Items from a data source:
lemma eventually_mult_le_of_linear_lower_bound:
  fixes A N \<sigma> B :: "nat \<Rightarrow> real"
  assumes "incseq A" and unbounded: "\<not> bdd_above (range A)"
    and B_le_A: "\<And>t. T0 \<le> t \<Longrightarrow> B t \<le> A t" and B_pos: "\<And>t. 0 < B t"
    and \<sigma>_le: "\<And>t. 0 < N t \<Longrightarrow> \<sigma> t \<le> s / N t" and "0 \<le> s"
    and \<delta>: "0 < \<delta>" "\<delta> < 1 / 2" and lower: "\<And>t. (1 - \<delta>) * A t - K \<le> N t"
  shows "eventually (\<lambda>t. B t * \<sigma> t \<le> s / (1 - 2 * \<delta>)) sequentially"
proof -
  obtain t0 where t0: "\<bar>K\<bar> / \<delta> < A t0" using unbounded by (auto simp: bdd_above_def not_le)
  show ?thesis
  proof (rule eventually_sequentiallyI[of "max t0 T0"])
    fix t assume t: "max t0 T0 \<le> t"
    have "\<delta> * A t0 \<le> \<delta> * A t"
      using \<open>incseq A\<close> t \<delta> by (intro mult_left_mono) (auto simp: incseq_def)
    moreover have "\<bar>K\<bar> < \<delta> * A t0" using t0 \<delta> by (simp add: pos_divide_less_eq mult.commute)
    ultimately have "\<bar>K\<bar> < \<delta> * A t" by linarith
    then have N_ge: "(1 - 2 * \<delta>) * A t \<le> N t"
      using lower[of t] by (auto simp: algebra_simps)
    have "0 < \<delta> * A t" using \<open>\<bar>K\<bar> < \<delta> * A t\<close> by linarith
    then have A_pos: "0 < A t" using \<delta> by (simp add: zero_less_mult_iff)
    have "0 < (1 - 2 * \<delta>) * A t" using A_pos \<delta> by simp
    then have N_pos: "0 < N t" using N_ge by linarith
    have "B t * \<sigma> t \<le> B t * (s / N t)" using B_pos[of t] \<sigma>_le[OF N_pos] by (intro mult_left_mono) auto
    also have "\<dots> \<le> A t * (s / N t)"
      using B_le_A t N_pos \<open>0 \<le> s\<close> by (intro mult_right_mono) auto
    also have "\<dots> = s * (A t / N t)" by simp
    also have "\<dots> \<le> s * (1 / (1 - 2 * \<delta>))"
    proof (intro mult_left_mono)
      have "A t \<le> N t / (1 - 2 * \<delta>)" using N_ge \<delta> by (simp add: pos_le_divide_eq mult.commute)
      then show "A t / N t \<le> 1 / (1 - 2 * \<delta>)" using N_pos by (simp add: divide_le_eq)
    qed (use \<open>0 \<le> s\<close> in simp)
    finally show "B t * \<sigma> t \<le> s / (1 - 2 * \<delta>)" by simp
  qed
qed

lemma limsup_mult_finite_of_linear_lower_bound:
  fixes A N \<sigma> B :: "nat \<Rightarrow> real"
  assumes "incseq A"
    and B_le_A: "\<And>t. T0 \<le> t \<Longrightarrow> B t \<le> A t" and B_pos: "\<And>t. 0 < B t"
    and \<sigma>_le_const: "\<And>t. \<sigma> t \<le> \<kappa>" and "0 \<le> \<kappa>"
    and \<sigma>_le: "\<And>t. 0 < N t \<Longrightarrow> \<sigma> t \<le> s / N t" and "0 \<le> s"
    and \<delta>: "0 < \<delta>" "\<delta> < 1 / 2" and lower: "\<And>t. (1 - \<delta>) * A t - K \<le> N t"
  shows "limsup (\<lambda>t. ereal (B t * \<sigma> t)) < \<infinity>"
proof (cases "bdd_above (range A)")
  case True
  then obtain R where R: "\<And>t. A t \<le> R" by (auto simp: bdd_above_def)
  have "B t * \<sigma> t \<le> R * \<kappa>" if "T0 \<le> t" for t
  proof -
    have "B t * \<sigma> t \<le> B t * \<kappa>" using B_pos[of t] \<sigma>_le_const[of t] by (intro mult_left_mono) auto
    also have "\<dots> \<le> R * \<kappa>" using B_le_A[OF that] R[of t] \<open>0 \<le> \<kappa>\<close> by (intro mult_right_mono) auto
    finally show ?thesis .
  qed
  then have "limsup (\<lambda>t. ereal (B t * \<sigma> t)) \<le> ereal (R * \<kappa>)"
    by (intro Limsup_bounded eventually_sequentiallyI[of T0]) simp
  then show ?thesis by (rule order.strict_trans1) simp
next
  case False
  from eventually_mult_le_of_linear_lower_bound[OF \<open>incseq A\<close> False B_le_A B_pos \<sigma>_le \<open>0 \<le> s\<close> \<delta> lower]
  have "eventually (\<lambda>t. ereal (B t * \<sigma> t) \<le> ereal (s / (1 - 2 * \<delta>))) sequentially" by simp
  then have "limsup (\<lambda>t. ereal (B t * \<sigma> t)) \<le> ereal (s / (1 - 2 * \<delta>))"
    by (rule Limsup_bounded)
  then show ?thesis by (rule order.strict_trans1) simp
qed

lemma limsup_mult_le_of_linear_lower_bounds:
  fixes A N \<sigma> B :: "nat \<Rightarrow> real"
  assumes "incseq A" and B_lim: "filterlim B at_top sequentially"
    and B_le_A: "\<And>t. T0 \<le> t \<Longrightarrow> B t \<le> A t" and B_pos: "\<And>t. 0 < B t"
    and \<sigma>_le: "\<And>t. 0 < N t \<Longrightarrow> \<sigma> t \<le> s / N t" and "0 < s"
    and lower: "\<And>\<delta>. 0 < \<delta> \<Longrightarrow> \<exists>K. \<forall>t. (1 - \<delta>) * A t - K \<le> N t"
  shows "limsup (\<lambda>t. ereal (B t * \<sigma> t)) \<le> ereal s"
proof (rule ereal_le_epsilon2)
  have unbounded: "\<not> bdd_above (range A)"
  proof
    assume "bdd_above (range A)"
    then obtain R where R: "\<And>t. A t \<le> R" by (auto simp: bdd_above_def)
    have "eventually (\<lambda>t. R < B t \<and> T0 \<le> t) sequentially"
      using B_lim by (simp add: filterlim_at_top_dense eventually_conj eventually_ge_at_top)
    then obtain t where "R < B t" "T0 \<le> t" by (auto simp: eventually_sequentially)
    with B_le_A R show False by (meson not_le order.trans)
  qed
  fix e :: real assume "0 < e"
  define \<delta> where "\<delta> = e / (2 * (s + e))"
  have \<delta>: "0 < \<delta>" "\<delta> < 1 / 2" using \<open>0 < e\<close> \<open>0 < s\<close> by (auto simp: \<delta>_def field_simps)
  have bound: "s / (1 - 2 * \<delta>) = s + e" using \<open>0 < e\<close> \<open>0 < s\<close> by (simp add: \<delta>_def field_simps)
  obtain K where "\<And>t. (1 - \<delta>) * A t - K \<le> N t" using lower \<delta>(1) by blast
  from eventually_mult_le_of_linear_lower_bound[OF \<open>incseq A\<close> unbounded B_le_A B_pos \<sigma>_le _ \<delta> this]
  have "eventually (\<lambda>t. ereal (B t * \<sigma> t) \<le> ereal s + ereal e) sequentially"
    using \<open>0 < s\<close> unfolding bound by simp
  then show "limsup (\<lambda>t. ereal (B t * \<sigma> t)) \<le> ereal s + ereal e" by (rule Limsup_bounded)
qed

fun stopped_prod :: "real \<Rightarrow> (nat \<Rightarrow> 'a \<Rightarrow> real) \<Rightarrow> nat \<Rightarrow> 'a \<Rightarrow> real" where
  "stopped_prod C f 0 w = 1"
| "stopped_prod C f (Suc n) w =
     (if C \<le> stopped_prod C f n w then stopped_prod C f n w else stopped_prod C f n w * f n w)"

lemma stopped_prod_ge_mono: "C \<le> stopped_prod C f n w \<Longrightarrow> n \<le> m \<Longrightarrow> C \<le> stopped_prod C f m w"
  by (induction m) (auto simp: le_Suc_eq)

lemma stopped_prod_cases: "C \<le> stopped_prod C f n w \<or> stopped_prod C f n w = (\<Prod>i<n. f i w)"
  by (induction n) auto

lemma stopped_prod_ge_if_prod_ge:
  "C \<le> (\<Prod>i<n. f i w) \<Longrightarrow> C \<le> stopped_prod C f n w"
  using stopped_prod_cases[of C f n w] by auto

lemma abs_mult_le_if_unit_interval:
  fixes a b K :: real
  assumes "\<bar>a\<bar> \<le> K" "0 \<le> b" "b \<le> 1"
  shows "\<bar>a * b\<bar> \<le> K"
proof -
  have "\<bar>a * b\<bar> = \<bar>a\<bar> * b" using assms(2) by (simp add: abs_mult)
  also have "\<dots> \<le> \<bar>a\<bar>" using assms(2,3) by (simp add: mult_left_le)
  finally show ?thesis using assms(1) by simp
qed

lemma minus_ln_one_minus_le:
  fixes c :: real
  shows "0 < c \<Longrightarrow> c < 1 \<Longrightarrow> - ln (1 - c) \<le> c / (1 - c)"
  using ln_le_minus_one[of "1 / (1 - c)"] by (simp add: ln_div field_simps)

locale visit_process = prob_space M for M :: "'w measure" +
  fixes F :: "nat \<Rightarrow> 'w measure" and SX :: "'x measure" and X :: "nat \<Rightarrow> 'w \<Rightarrow> 'x" and x :: 'x
  assumes sigma_finite_F: "\<And>n. sigma_finite_subalgebra M (F n)"
    and sets_F_mono: "\<And>n m. n \<le> m \<Longrightarrow> sets (F n) \<subseteq> sets (F m)"
    and X_measurable: "\<And>t. t \<ge> 1 \<Longrightarrow> X t \<in> measurable (F t) SX"
    and singleton_sets: "{x} \<in> sets SX"
begin

text \<open>Indices are shifted by one: \<open>visit i\<close> records whether the point \<open>X (Suc i)\<close> is \<open>x\<close>;
  it is \<open>F (Suc i)\<close>-measurable and predicted from \<open>F i\<close>.\<close>
definition visit :: "nat \<Rightarrow> 'w \<Rightarrow> real" where
  "visit i = indicator {v \<in> space M. X (Suc i) v = x}"

definition visit_prob :: "nat \<Rightarrow> 'w \<Rightarrow> real" where
  "visit_prob i = real_cond_exp M (F i) (visit i)"

text \<open>A version of \<open>visit_prob\<close> that lies in \<open>[0, 1]\<close> everywhere, not only almost everywhere.\<close>
definition visit_prob_clipped :: "nat \<Rightarrow> 'w \<Rightarrow> real" where
  "visit_prob_clipped i w = max 0 (min 1 (visit_prob i w))"

lemma space_F: "space (F n) = space M"
  using sigma_finite_subalgebra.subalg[OF sigma_finite_F] unfolding subalgebra_def by auto

lemma borel_measurable_F_mono:
  "f \<in> borel_measurable (F m) \<Longrightarrow> m \<le> n \<Longrightarrow> f \<in> borel_measurable (F n)"
  by (rule measurable_from_subalg[of "F n" "F m"]) (auto simp: subalgebra_def space_F sets_F_mono)

lemma borel_measurable_F_imp_M: "f \<in> borel_measurable (F n) \<Longrightarrow> f \<in> borel_measurable M"
  using measurable_from_subalg sigma_finite_subalgebra.subalg[OF sigma_finite_F] by blast

lemma integrable_bounded:
  fixes f :: "'w \<Rightarrow> real"
  shows "f \<in> borel_measurable M \<Longrightarrow> (\<And>w. \<bar>f w\<bar> \<le> K) \<Longrightarrow> integrable M f"
  by (rule integrable_const_bound[where B = K]) auto

lemma visit_measurable_F: "visit i \<in> borel_measurable (F (Suc i))"
proof -
  have "{v \<in> space M. X (Suc i) v = x} = X (Suc i) -` {x} \<inter> space (F (Suc i))"
    by (auto simp: space_F)
  also have "\<dots> \<in> sets (F (Suc i))"
    using X_measurable[of "Suc i"] singleton_sets by (auto intro: measurable_sets)
  finally show ?thesis unfolding visit_def by (rule borel_measurable_indicator)
qed

lemma visit_measurable [measurable]: "visit i \<in> borel_measurable M"
  by (rule borel_measurable_F_imp_M[OF visit_measurable_F])

lemma visit_cases: "visit i w = 0 \<or> visit i w = 1"
  unfolding visit_def by (auto simp: indicator_def)

lemma visit_nonneg: "0 \<le> visit i w" and visit_le_one: "visit i w \<le> 1"
  using visit_cases[of i w] by auto

lemma visit_prob_clipped_measurable_F: "visit_prob_clipped i \<in> borel_measurable (F i)"
  unfolding visit_prob_clipped_def visit_prob_def by measurable

lemma visit_prob_clipped_measurable [measurable]: "visit_prob_clipped i \<in> borel_measurable M"
  by (rule borel_measurable_F_imp_M[OF visit_prob_clipped_measurable_F])
text \<open>The induction invariant also keeps all points \<open>e\<close>-far from \<open>x\<close>; a new point \<open>y\<close>, chosen
  \<open>dhat T N\<close>-close to \<open>x\<close> but \<open>e\<close>-far from it for a larger time, is then \<open>e/2\<close>-far from them.\<close>

lemma large_dhat_separated_sets:
  assumes "continuous_on X T" "T ` X \<subseteq> X" "K \<subseteq> X" "x \<in> K" "0 < e"
    and far: "\<And>d. 0 < d \<Longrightarrow> \<exists>y\<in>K. dist y x < d \<and> (\<exists>n\<ge>1. e \<le> dhat T n x y)"
  shows "\<exists>N\<ge>1. \<exists>S\<subseteq>K. finite S \<and> card S = k \<and> (\<forall>u\<in>S. e \<le> dhat T N x u)
           \<and> dhat_separated T N (e/2) S"
proof (induction k)
  case 0
  have "dhat_separated T 1 (e/2) {}" by (simp add: dhat_separated_def)
  then show ?case by (metis card.empty empty_iff empty_subsetI finite.emptyI order_refl)
next
  case (Suc k)
  then obtain N S where N: "1 \<le> N" and S: "S \<subseteq> K" "finite S" "card S = k"
    "\<And>u. u \<in> S \<Longrightarrow> e \<le> dhat T N x u" "dhat_separated T N (e/2) S"
    by blast
  obtain d where d: "0 < d" "\<And>y. y \<in> X \<Longrightarrow> dist y x < d \<Longrightarrow> dhat T N x y < e/2"
    using dhat_small_near[OF assms(1,2) subsetD[OF assms(3,4)] N half_gt_zero[OF assms(5)]] by blast
  obtain y n where y: "y \<in> K" "dist y x < d" "1 \<le> n" "e \<le> dhat T n x y"
    using far[OF d(1)] by blast
  have yN: "dhat T N x y < e/2" using d(2) y(1,2) assms(3) by blast
  define M where "M = max N n"
  have M: "1 \<le> M" "N \<le> M" "n \<le> M" using N unfolding M_def by auto
  have "y \<notin> S"
  proof
    assume "y \<in> S"
    then have "e \<le> dhat T N x y" by (rule S(4))
    with yN assms(5) show False by linarith
  qed
  have "e/2 \<le> dhat T N u y" if "u \<in> S" for u
    using dhat_triangle[OF N, of T x u y] dhat_commute[of T N y u] S(4)[OF that] yN by linarith
  then have sep: "dhat_separated T N (e/2) (insert y S)"
    by (rule dhat_separated_insert[OF S(5)])
  moreover have "e \<le> dhat T M x u" if "u \<in> insert y S" for u
  proof (cases "u = y")
    case True
    then show ?thesis using y(4) dhat_mono[OF y(3) M(3), of T x y] by simp
  next
    case False
    with that have "u \<in> S" by simp
    then show ?thesis using S(4) dhat_mono[OF N M(2), of T x u] by fastforce
  qed
  moreover have "insert y S \<subseteq> K" "finite (insert y S)" "card (insert y S) = Suc k"
    using S y(1) \<open>y \<notin> S\<close> by auto
  ultimately show ?case
    using M(1) dhat_separated_mono[OF N M(2) sep] by blast
qed
(* Let $k\ge1$ and let $q_1,q_2$ be Gaussian beams of degree $k$ with poles $x_1,x_2\in\mathbb S^2$ respectively, and let $G_1,G_2$ be the great circles perpendicular to $x_1,x_2$. Let $0\le\beta\le\pi$ be the angle between $x_1$ and $x_2$. Then $$\langle q_1,q_2\rangle=\int_{\mathbb S^2}q_1\overline{q_2}=e^{ik\alpha}\left(\cos\frac\beta2\right)^{2k},$$ where $e^{ik\alpha}$, $\alpha\in[-\pi/k,\pi/k)$, is the phase shift at the intersection points of $G_1$ and $G_2$, namely $$e^{ik\alpha}=\frac{q_1(y_1)}{q_2(y_1)}=\frac{q_1(y_2)}{q_2(y_2)},$$ $y_1,y_2$ being the two intersection points of $G_1$ and $G_2$; if the poles coincide, $e^{ik\alpha}=q_1(y)/q_2(y)$ for any point $y$ where they do not vanish.
   Context: $\mathbb S^2\subset\mathbb R^3$ is the round unit sphere with coordinates $x=(\sin\phi\cos\theta,\sin\phi\sin\theta,\cos\phi)$. The standard Gaussian beam of degree $k$ is $Q_k(\phi,\theta)=C_kP_k^k(\cos\phi)e^{ik\theta}$, where $P_k^k$ is the associated Legendre function and $C_k>0$ normalizes $\|Q_k\|_{L^2(\mathbb S^2)}=1$; it has pole the north pole $(0,0,1)$, concentrates on the equator and propagates in the positive direction (right-hand rule). A Gaussian beam of degree $k$ with pole $x\in\mathbb S^2$ is a function of the form $q(y)=e^{ic}Q_k(Ry)$, $c\in\mathbb R$, where $R\in SO(3)$ satisfies $Rx=(0,0,1)$; its modulus is maximal on the great circle perpendicular to $x$. *)

theory Defs
  imports "HOL-Analysis.Analysis"
begin

definition sph :: "real \<Rightarrow> real \<Rightarrow> real^3" where
  "sph phi theta = vector [sin phi * cos theta, sin phi * sin theta, cos phi]"

text \<open>Integral over the round unit sphere w.r.t. the standard area measure,
  written in spherical coordinates (area element sin phi dphi dtheta).\<close>
definition sphere_integral :: "(real^3 \<Rightarrow> complex) \<Rightarrow> complex" where
  "sphere_integral f =
     integral (cbox (0,0) (pi, 2*pi))
       (\<lambda>p. complex_of_real (sin (fst p)) * f (sph (fst p) (snd p)))"

definition sphere_inner :: "(real^3 \<Rightarrow> complex) \<Rightarrow> (real^3 \<Rightarrow> complex) \<Rightarrow> complex" where
  "sphere_inner f g = sphere_integral (\<lambda>y. f y * cnj (g y))"

definition legendreP :: "nat \<Rightarrow> real \<Rightarrow> real" where
  "legendreP l t = (deriv ^^ l) (\<lambda>s. (s^2 - 1)^l) t / (2^l * fact l)"

definition assoc_legendreP :: "nat \<Rightarrow> nat \<Rightarrow> real \<Rightarrow> real" where
  "assoc_legendreP l m t = (-1)^m * (sqrt (1 - t^2))^m * (deriv ^^ m) (legendreP l) t"

text \<open>Unnormalized standard beam P_k^k(cos phi) e^{i k theta}, as a function of the point.\<close>
definition Qraw :: "nat \<Rightarrow> real^3 \<Rightarrow> complex" where
  "Qraw k y = complex_of_real (assoc_legendreP k k (y$3)) * cis (real k * Arg (Complex (y$1) (y$2)))"
lemma deriv_char_denom_at_omega_k:
  fixes mu tau kappa :: real and n k :: nat
  assumes "mu > 0" and "tau > 0" and "kappa > 0"
  defines "G \<equiv> char_denom tau (mu + kappa) n"
    and "\<xi> \<equiv> \<i> * complex_of_real (omega_k mu tau kappa n k)"
    and "a0 \<equiv> alpha_k mu tau kappa n k"
  shows "deriv G \<xi> \<noteq> 0" and "Re (complex_of_real (- 1 / a0) / deriv G \<xi>) > 0"
proof -
  define c where "c = mu + kappa"
  define Q where "Q = tau + of_nat (n + 1) / (complex_of_real c + \<xi>)"
  have "c > 0" using assms by (simp add: c_def)
  have "a0 > exp 1" unfolding a0_def by (rule alpha_k_gt_exp_1)
  then have "a0 > 0" and "ln a0 > 1"
    by (rule less_trans[OF exp_gt_zero], rule exp_less_imp_less_ln)
  have "Re Q > 0"
    using \<open>c > 0\<close> \<open>tau > 0\<close> by (simp add: Q_def \<xi>_def Re_complex_div_ge_0 add_pos_nonneg)
  have "complex_of_real c + \<xi> \<noteq> 0"
    using \<open>c > 0\<close> by (simp add: \<xi>_def complex_eq_iff)
  with \<open>c > 0\<close> have "deriv G \<xi> = G \<xi> * Q"
    unfolding G_def Q_def c_def by (intro DERIV_imp_deriv char_denom_has_derivative) auto
  also have "G \<xi> = complex_of_real (1 - ln a0)"
    unfolding G_def \<xi>_def a0_def by (rule char_denom_at_omega_k[OF assms(1-3)])
  finally have dG\<xi>: "deriv G \<xi> = complex_of_real (1 - ln a0) * Q" .
  then show "deriv G \<xi> \<noteq> 0"
    using \<open>ln a0 > 1\<close> \<open>Re Q > 0\<close> by auto
  have "Q \<noteq> 0" using \<open>Re Q > 0\<close> by auto
  moreover have "complex_of_real a0 \<noteq> 0" "complex_of_real (ln a0) \<noteq> 1"
    using \<open>ln a0 > 1\<close> by auto
  ultimately have "complex_of_real (- 1 / a0) / deriv G \<xi>
      = complex_of_real (1 / (a0 * (ln a0 - 1))) * (1 / Q)"
    unfolding dG\<xi> by (simp add: field_simps)
  then show "Re (complex_of_real (- 1 / a0) / deriv G \<xi>) > 0"
    using \<open>Re Q > 0\<close> \<open>ln a0 > 1\<close> \<open>a0 > 0\<close> by (simp add: Re_complex_div_gt_0)
qed

lemma Delta_zero_branch:
  fixes mu tau kappa a0 :: real and n :: nat
  defines "G \<equiv> char_denom tau (mu + kappa) n"
  assumes G\<xi>: "G \<xi> = complex_of_real (1 - ln a0)" and "a0 > exp 1" and "deriv G \<xi> \<noteq> 0"
  shows "\<exists>\<rho>>0. \<exists>lam lam'. lam a0 = \<xi> \<and> lam' a0 = complex_of_real (- 1 / a0) / deriv G \<xi> \<and>
           (\<forall>a\<in>{a0 - \<rho> <..< a0 + \<rho>}.
              Delta mu tau kappa n (lam a) a = 0 \<and> (lam has_vector_derivative lam' a) (at a)) \<and>
           continuous_on {a0 - \<rho> <..< a0 + \<rho>} lam'"
proof -
  have d\<phi>: "((\<lambda>a. complex_of_real (1 - ln a)) has_vector_derivative complex_of_real (- 1 / a)) (at a)"
    if "a \<in> {exp 1<..}" for a
    using that less_trans[OF exp_gt_zero[of 1]] by (auto intro!: derivative_eq_intros)
  have "continuous_on {exp 1<..} (\<lambda>a. complex_of_real (- 1 / a))"
    using less_trans[OF exp_gt_zero[of 1]] by (intro continuous_intros) auto
  from holomorphic_inverse_along_curve[OF char_denom_holomorphic open_UNIV UNIV_I
      \<open>deriv G \<xi> \<noteq> 0\<close>[unfolded G_def] open_greaterThan _ G\<xi>[unfolded G_def, symmetric] d\<phi> this]
    \<open>a0 > exp 1\<close>
  obtain \<rho> lam lam' where "\<rho> > 0" and ball: "ball a0 \<rho> \<subseteq> {exp 1<..}" and "lam a0 = \<xi>"
    and "lam' a0 = complex_of_real (- 1 / a0) / deriv G \<xi>"
    and lam: "\<And>a. a \<in> ball a0 \<rho> \<Longrightarrow> G (lam a) = complex_of_real (1 - ln a)"
    and "\<And>a. a \<in> ball a0 \<rho> \<Longrightarrow> (lam has_vector_derivative lam' a) (at a)"
    and "continuous_on (ball a0 \<rho>) lam'"
    unfolding G_def by auto
  moreover have "Delta mu tau kappa n (lam a) a = 0" if "a \<in> ball a0 \<rho>" for a
    using that lam[OF that] ball exp_less_imp_less_ln[of 1 a]
    by (intro Delta_eq_0_if_char_denom_eq) (auto simp: G_def)
  ultimately show ?thesis
    unfolding ball_eq_greaterThanLessThan[symmetric]
    by (intro exI[of _ \<rho>] exI[of _ lam] exI[of _ lam'] conjI ballI) auto
qed

theorem theorem7p3:
  fixes mu tau kappa :: real and n k :: nat
  assumes "mu > 0" and "tau > 0" and "kappa > 0"
  shows "\<exists>\<rho>>0. \<exists>lam lam' :: real \<Rightarrow> complex.
     (\<forall>a\<in>{alpha_k mu tau kappa n k - \<rho> <..< alpha_k mu tau kappa n k + \<rho>}.
        (lam has_vector_derivative lam' a) (at a)) \<and>
     continuous_on {alpha_k mu tau kappa n k - \<rho> <..< alpha_k mu tau kappa n k + \<rho>} lam' \<and>
     lam (alpha_k mu tau kappa n k) = \<i> * complex_of_real (omega_k mu tau kappa n k) \<and>
     (\<forall>a\<in>{alpha_k mu tau kappa n k - \<rho> <..< alpha_k mu tau kappa n k + \<rho>}.
        Delta mu tau kappa n (lam a) a = 0) \<and>
     Re (lam' (alpha_k mu tau kappa n k)) > 0"
proof -
  let ?\<alpha> = "alpha_k mu tau kappa n k" and ?\<xi> = "\<i> * complex_of_real (omega_k mu tau kappa n k)"
  obtain \<rho> lam lam' where "\<rho> > 0" and "lam ?\<alpha> = ?\<xi>"
    and lam': "lam' ?\<alpha> = complex_of_real (- 1 / ?\<alpha>) / deriv (char_denom tau (mu + kappa) n) ?\<xi>"
    and "\<forall>a\<in>{?\<alpha> - \<rho> <..< ?\<alpha> + \<rho>}.
           Delta mu tau kappa n (lam a) a = 0 \<and> (lam has_vector_derivative lam' a) (at a)"
    and "continuous_on {?\<alpha> - \<rho> <..< ?\<alpha> + \<rho>} lam'"
    using Delta_zero_branch[OF char_denom_at_omega_k[OF assms] alpha_k_gt_exp_1
        deriv_char_denom_at_omega_k(1)[OF assms]]
    by blast
  moreover have "Re (lam' ?\<alpha>) > 0"
    unfolding lam' by (rule deriv_char_denom_at_omega_k(2)[OF assms])
  ultimately show ?thesis
    by blast
qed

end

» REQUIREMENT
From the records above, retype only the lines starting at the line that contains "t)) \<le> ereal (R" and ending at the line that contains "< \<delta> \<Longrightarrow>", both included.

» ANSWER TO THE EXERCISE
  then have "limsup (\<lambda>t. ereal (B t * \<sigma> t)) \<le> ereal (R * \<kappa>)"
    by (intro Limsup_bounded eventually_sequentiallyI[of T0]) simp
  then show ?thesis by (rule order.strict_trans1) simp
next
  case False
  from eventually_mult_le_of_linear_lower_bound[OF \<open>incseq A\<close> False B_le_A B_pos \<sigma>_le \<open>0 \<le> s\<close> \<delta> lower]
  have "eventually (\<lambda>t. ereal (B t * \<sigma> t) \<le> ereal (s / (1 - 2 * \<delta>))) sequentially" by simp
  then have "limsup (\<lambda>t. ereal (B t * \<sigma> t)) \<le> ereal (s / (1 - 2 * \<delta>))"
    by (rule Limsup_bounded)
  then show ?thesis by (rule order.strict_trans1) simp
qed

lemma limsup_mult_le_of_linear_lower_bounds:
  fixes A N \<sigma> B :: "nat \<Rightarrow> real"
  assumes "incseq A" and B_lim: "filterlim B at_top sequentially"
    and B_le_A: "\<And>t. T0 \<le> t \<Longrightarrow> B t \<le> A t" and B_pos: "\<And>t. 0 < B t"
    and \<sigma>_le: "\<And>t. 0 < N t \<Longrightarrow> \<sigma> t \<le> s / N t" and "0 < s"
    and lower: "\<And>\<delta>. 0 < \<delta> \<Longrightarrow> \<exists>K. \<forall>t. (1 - \<delta>) * A t - K \<le> N t"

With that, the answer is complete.